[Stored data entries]

##############################

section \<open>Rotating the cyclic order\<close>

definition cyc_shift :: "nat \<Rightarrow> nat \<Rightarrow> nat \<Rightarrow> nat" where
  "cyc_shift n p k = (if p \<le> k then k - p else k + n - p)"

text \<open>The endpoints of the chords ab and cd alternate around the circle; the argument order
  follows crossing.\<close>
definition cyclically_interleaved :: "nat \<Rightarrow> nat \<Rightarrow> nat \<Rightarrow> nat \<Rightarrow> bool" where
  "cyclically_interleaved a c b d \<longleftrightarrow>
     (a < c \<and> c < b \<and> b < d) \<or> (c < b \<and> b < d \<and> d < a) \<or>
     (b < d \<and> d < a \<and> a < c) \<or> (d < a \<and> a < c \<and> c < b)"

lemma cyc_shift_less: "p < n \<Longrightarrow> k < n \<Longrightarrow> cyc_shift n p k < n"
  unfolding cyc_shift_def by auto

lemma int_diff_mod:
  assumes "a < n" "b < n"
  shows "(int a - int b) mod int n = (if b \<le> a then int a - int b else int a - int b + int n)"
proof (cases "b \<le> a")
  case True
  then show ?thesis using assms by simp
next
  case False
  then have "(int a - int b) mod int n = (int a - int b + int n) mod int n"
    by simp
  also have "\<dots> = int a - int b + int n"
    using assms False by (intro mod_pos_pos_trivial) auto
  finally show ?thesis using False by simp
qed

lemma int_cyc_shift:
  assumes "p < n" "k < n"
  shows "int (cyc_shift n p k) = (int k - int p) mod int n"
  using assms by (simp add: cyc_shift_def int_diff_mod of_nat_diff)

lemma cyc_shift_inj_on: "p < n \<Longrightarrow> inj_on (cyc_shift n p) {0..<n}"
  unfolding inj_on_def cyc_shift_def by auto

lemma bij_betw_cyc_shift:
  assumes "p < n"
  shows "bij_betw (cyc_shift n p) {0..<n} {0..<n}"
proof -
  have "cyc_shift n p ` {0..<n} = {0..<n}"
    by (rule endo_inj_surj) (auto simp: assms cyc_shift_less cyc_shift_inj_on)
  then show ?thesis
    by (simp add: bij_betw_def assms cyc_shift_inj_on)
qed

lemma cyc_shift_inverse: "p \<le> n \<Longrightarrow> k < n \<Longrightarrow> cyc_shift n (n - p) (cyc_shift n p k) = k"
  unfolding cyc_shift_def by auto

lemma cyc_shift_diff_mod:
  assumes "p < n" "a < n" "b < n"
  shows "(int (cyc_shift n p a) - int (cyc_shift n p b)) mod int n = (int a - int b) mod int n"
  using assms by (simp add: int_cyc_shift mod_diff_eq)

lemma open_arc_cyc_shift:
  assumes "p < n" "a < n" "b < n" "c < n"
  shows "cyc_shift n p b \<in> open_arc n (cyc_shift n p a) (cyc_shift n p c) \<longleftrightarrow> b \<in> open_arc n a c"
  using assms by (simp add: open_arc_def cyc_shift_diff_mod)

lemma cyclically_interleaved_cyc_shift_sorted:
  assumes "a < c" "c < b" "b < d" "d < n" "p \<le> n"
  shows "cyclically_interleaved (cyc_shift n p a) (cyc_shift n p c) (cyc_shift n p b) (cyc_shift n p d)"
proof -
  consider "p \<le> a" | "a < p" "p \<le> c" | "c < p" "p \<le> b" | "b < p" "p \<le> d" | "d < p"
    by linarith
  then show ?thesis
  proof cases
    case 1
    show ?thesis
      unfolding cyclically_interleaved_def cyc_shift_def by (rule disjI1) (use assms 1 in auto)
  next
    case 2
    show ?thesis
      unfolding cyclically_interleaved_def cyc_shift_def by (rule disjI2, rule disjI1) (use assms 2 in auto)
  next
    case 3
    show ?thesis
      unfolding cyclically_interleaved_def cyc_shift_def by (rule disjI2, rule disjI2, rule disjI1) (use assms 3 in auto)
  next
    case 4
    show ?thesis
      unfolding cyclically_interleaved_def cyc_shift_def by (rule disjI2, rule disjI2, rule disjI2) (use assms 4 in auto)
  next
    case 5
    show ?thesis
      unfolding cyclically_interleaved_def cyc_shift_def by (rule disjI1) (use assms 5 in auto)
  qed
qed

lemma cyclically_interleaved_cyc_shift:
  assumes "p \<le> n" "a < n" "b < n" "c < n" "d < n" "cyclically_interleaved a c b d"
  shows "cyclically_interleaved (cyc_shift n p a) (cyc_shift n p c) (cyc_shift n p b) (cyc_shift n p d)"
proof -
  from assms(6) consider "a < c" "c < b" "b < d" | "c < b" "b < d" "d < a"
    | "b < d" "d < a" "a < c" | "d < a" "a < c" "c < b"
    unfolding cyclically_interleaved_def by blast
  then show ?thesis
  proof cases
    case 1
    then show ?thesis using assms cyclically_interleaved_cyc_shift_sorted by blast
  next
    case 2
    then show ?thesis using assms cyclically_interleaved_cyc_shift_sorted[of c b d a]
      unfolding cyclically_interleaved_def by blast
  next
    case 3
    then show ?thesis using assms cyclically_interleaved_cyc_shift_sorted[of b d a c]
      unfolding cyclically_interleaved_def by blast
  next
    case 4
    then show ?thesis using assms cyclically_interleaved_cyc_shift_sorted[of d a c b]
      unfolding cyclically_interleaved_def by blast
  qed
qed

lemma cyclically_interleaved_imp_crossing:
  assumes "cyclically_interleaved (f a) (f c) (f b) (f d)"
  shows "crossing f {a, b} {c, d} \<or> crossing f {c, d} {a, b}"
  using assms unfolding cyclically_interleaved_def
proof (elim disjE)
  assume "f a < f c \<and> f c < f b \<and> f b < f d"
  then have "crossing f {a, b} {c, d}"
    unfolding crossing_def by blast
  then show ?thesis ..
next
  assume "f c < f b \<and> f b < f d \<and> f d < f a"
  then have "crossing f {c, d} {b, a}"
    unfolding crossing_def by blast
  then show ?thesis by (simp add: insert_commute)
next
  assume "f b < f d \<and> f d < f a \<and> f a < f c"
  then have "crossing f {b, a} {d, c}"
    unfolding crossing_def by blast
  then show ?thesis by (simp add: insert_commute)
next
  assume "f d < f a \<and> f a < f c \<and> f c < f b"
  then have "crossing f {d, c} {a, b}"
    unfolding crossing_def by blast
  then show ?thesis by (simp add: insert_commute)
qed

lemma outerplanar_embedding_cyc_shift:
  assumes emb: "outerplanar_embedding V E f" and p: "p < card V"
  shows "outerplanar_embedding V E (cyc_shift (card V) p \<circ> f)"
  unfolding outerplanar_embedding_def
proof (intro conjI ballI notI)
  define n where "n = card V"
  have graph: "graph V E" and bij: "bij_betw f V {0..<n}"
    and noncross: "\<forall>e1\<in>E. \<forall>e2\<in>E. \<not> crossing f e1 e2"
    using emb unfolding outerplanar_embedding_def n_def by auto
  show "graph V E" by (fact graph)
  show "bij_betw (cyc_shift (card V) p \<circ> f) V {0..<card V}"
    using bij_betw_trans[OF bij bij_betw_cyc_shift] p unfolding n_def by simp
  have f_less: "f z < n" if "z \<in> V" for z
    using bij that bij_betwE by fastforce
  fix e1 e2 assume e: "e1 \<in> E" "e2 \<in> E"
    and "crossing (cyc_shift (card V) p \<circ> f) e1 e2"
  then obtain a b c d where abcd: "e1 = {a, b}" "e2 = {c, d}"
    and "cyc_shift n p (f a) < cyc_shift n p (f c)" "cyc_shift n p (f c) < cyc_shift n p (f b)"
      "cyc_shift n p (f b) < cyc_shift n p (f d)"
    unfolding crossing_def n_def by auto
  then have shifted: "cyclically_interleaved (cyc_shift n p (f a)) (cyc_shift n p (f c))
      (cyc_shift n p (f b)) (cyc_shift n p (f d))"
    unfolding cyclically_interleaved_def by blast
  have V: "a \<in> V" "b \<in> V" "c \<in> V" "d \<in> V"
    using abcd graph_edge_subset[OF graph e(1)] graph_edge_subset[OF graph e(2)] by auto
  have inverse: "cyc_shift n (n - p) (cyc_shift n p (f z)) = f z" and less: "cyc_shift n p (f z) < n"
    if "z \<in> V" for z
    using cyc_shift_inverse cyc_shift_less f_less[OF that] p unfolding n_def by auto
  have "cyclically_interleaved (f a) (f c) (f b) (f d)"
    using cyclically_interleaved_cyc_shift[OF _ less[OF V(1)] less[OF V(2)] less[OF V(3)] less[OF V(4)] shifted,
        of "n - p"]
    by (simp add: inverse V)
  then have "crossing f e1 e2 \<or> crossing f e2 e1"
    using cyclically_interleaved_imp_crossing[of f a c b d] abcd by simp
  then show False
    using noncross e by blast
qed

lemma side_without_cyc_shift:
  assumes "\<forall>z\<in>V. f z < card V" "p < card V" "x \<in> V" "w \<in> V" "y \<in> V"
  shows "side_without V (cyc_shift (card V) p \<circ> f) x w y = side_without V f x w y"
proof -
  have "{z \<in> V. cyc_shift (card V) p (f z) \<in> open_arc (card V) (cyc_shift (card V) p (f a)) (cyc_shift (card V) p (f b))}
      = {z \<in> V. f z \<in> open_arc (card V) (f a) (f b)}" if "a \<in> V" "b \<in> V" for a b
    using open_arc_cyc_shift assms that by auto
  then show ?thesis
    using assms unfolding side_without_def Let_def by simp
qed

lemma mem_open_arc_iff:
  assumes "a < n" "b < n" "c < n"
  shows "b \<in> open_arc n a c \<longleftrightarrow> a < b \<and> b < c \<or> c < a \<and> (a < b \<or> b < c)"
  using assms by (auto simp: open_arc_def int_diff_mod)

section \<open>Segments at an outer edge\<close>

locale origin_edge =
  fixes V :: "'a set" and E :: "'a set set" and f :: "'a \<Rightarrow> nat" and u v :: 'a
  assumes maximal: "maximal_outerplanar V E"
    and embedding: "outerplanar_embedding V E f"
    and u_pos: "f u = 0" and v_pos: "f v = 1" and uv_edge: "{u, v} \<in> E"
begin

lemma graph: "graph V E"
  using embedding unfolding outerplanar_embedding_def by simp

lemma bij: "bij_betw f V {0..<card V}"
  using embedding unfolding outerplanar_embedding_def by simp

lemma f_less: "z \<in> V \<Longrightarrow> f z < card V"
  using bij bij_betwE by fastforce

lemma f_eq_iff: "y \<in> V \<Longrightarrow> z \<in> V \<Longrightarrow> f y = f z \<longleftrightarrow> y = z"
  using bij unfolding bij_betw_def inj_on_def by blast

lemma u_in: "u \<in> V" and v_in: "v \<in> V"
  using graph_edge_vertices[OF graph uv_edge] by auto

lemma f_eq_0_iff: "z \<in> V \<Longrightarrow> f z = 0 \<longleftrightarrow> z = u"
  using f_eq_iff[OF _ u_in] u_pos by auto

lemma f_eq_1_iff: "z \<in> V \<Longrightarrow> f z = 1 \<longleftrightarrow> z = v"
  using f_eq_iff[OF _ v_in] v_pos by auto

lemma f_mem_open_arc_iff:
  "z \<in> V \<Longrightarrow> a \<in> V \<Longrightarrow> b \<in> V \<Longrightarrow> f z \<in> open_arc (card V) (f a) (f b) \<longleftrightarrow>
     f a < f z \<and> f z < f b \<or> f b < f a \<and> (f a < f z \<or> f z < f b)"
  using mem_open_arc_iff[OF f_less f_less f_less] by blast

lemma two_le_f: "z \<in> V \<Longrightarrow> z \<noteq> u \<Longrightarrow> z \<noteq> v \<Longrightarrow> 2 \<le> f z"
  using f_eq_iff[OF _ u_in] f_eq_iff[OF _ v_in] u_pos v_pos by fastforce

##############################

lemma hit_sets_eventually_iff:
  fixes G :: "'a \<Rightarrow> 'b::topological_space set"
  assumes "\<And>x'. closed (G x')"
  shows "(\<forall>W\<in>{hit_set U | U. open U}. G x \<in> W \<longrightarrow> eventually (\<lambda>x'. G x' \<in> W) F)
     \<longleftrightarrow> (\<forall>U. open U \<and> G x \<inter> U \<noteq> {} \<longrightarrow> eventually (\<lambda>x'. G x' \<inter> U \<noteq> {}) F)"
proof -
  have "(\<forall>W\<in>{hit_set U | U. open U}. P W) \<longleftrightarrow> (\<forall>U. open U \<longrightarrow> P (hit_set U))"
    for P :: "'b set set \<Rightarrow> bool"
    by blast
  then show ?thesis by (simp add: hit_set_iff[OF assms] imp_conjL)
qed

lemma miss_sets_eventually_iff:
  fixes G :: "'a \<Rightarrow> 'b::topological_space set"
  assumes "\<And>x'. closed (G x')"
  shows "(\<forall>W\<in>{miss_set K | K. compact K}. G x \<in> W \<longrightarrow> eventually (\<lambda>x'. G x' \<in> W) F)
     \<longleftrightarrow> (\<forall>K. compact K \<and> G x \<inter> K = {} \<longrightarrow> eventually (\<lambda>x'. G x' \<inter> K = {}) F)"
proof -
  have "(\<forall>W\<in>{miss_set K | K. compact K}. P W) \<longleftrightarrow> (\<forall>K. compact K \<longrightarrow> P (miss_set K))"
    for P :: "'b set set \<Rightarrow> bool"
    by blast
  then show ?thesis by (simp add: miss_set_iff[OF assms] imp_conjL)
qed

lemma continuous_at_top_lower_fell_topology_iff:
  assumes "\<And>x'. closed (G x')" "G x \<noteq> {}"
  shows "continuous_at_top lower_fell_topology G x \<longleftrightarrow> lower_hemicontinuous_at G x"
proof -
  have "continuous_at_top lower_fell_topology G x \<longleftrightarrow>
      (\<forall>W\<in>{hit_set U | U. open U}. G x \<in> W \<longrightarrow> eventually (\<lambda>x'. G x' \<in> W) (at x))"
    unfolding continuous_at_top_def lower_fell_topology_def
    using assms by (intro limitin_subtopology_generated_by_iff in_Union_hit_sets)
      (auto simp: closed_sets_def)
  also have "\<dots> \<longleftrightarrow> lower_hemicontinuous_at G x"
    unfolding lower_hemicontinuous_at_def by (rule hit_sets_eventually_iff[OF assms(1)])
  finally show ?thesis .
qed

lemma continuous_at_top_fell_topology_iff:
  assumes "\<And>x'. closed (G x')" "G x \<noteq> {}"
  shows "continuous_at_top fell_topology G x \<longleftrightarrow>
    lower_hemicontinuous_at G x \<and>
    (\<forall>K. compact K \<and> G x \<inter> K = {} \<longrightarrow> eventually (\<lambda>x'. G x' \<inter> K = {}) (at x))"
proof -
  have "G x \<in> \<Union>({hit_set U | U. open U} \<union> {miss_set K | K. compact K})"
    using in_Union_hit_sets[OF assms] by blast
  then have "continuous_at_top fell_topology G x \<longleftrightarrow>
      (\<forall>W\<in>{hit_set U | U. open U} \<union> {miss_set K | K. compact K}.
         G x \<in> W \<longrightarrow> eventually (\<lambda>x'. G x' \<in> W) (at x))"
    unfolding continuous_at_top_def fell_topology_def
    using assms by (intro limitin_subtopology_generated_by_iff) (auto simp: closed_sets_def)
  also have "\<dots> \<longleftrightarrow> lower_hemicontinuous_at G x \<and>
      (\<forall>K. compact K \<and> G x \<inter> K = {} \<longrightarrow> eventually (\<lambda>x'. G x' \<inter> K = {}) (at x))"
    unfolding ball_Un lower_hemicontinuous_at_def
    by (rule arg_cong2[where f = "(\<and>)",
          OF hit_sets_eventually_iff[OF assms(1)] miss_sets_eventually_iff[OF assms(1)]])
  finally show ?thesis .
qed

##############################

Of the lines above, extract only those from the line with "V (cyc_shift (card" to the line with "V. cyc_shift (card", both included, exactly as written.

# Response
  shows "side_without V (cyc_shift (card V) p \<circ> f) x w y = side_without V f x w y"
proof -
  have "{z \<in> V. cyc_shift (card V) p (f z) \<in> open_arc (card V) (cyc_shift (card V) p (f a)) (cyc_shift (card V) p (f b))}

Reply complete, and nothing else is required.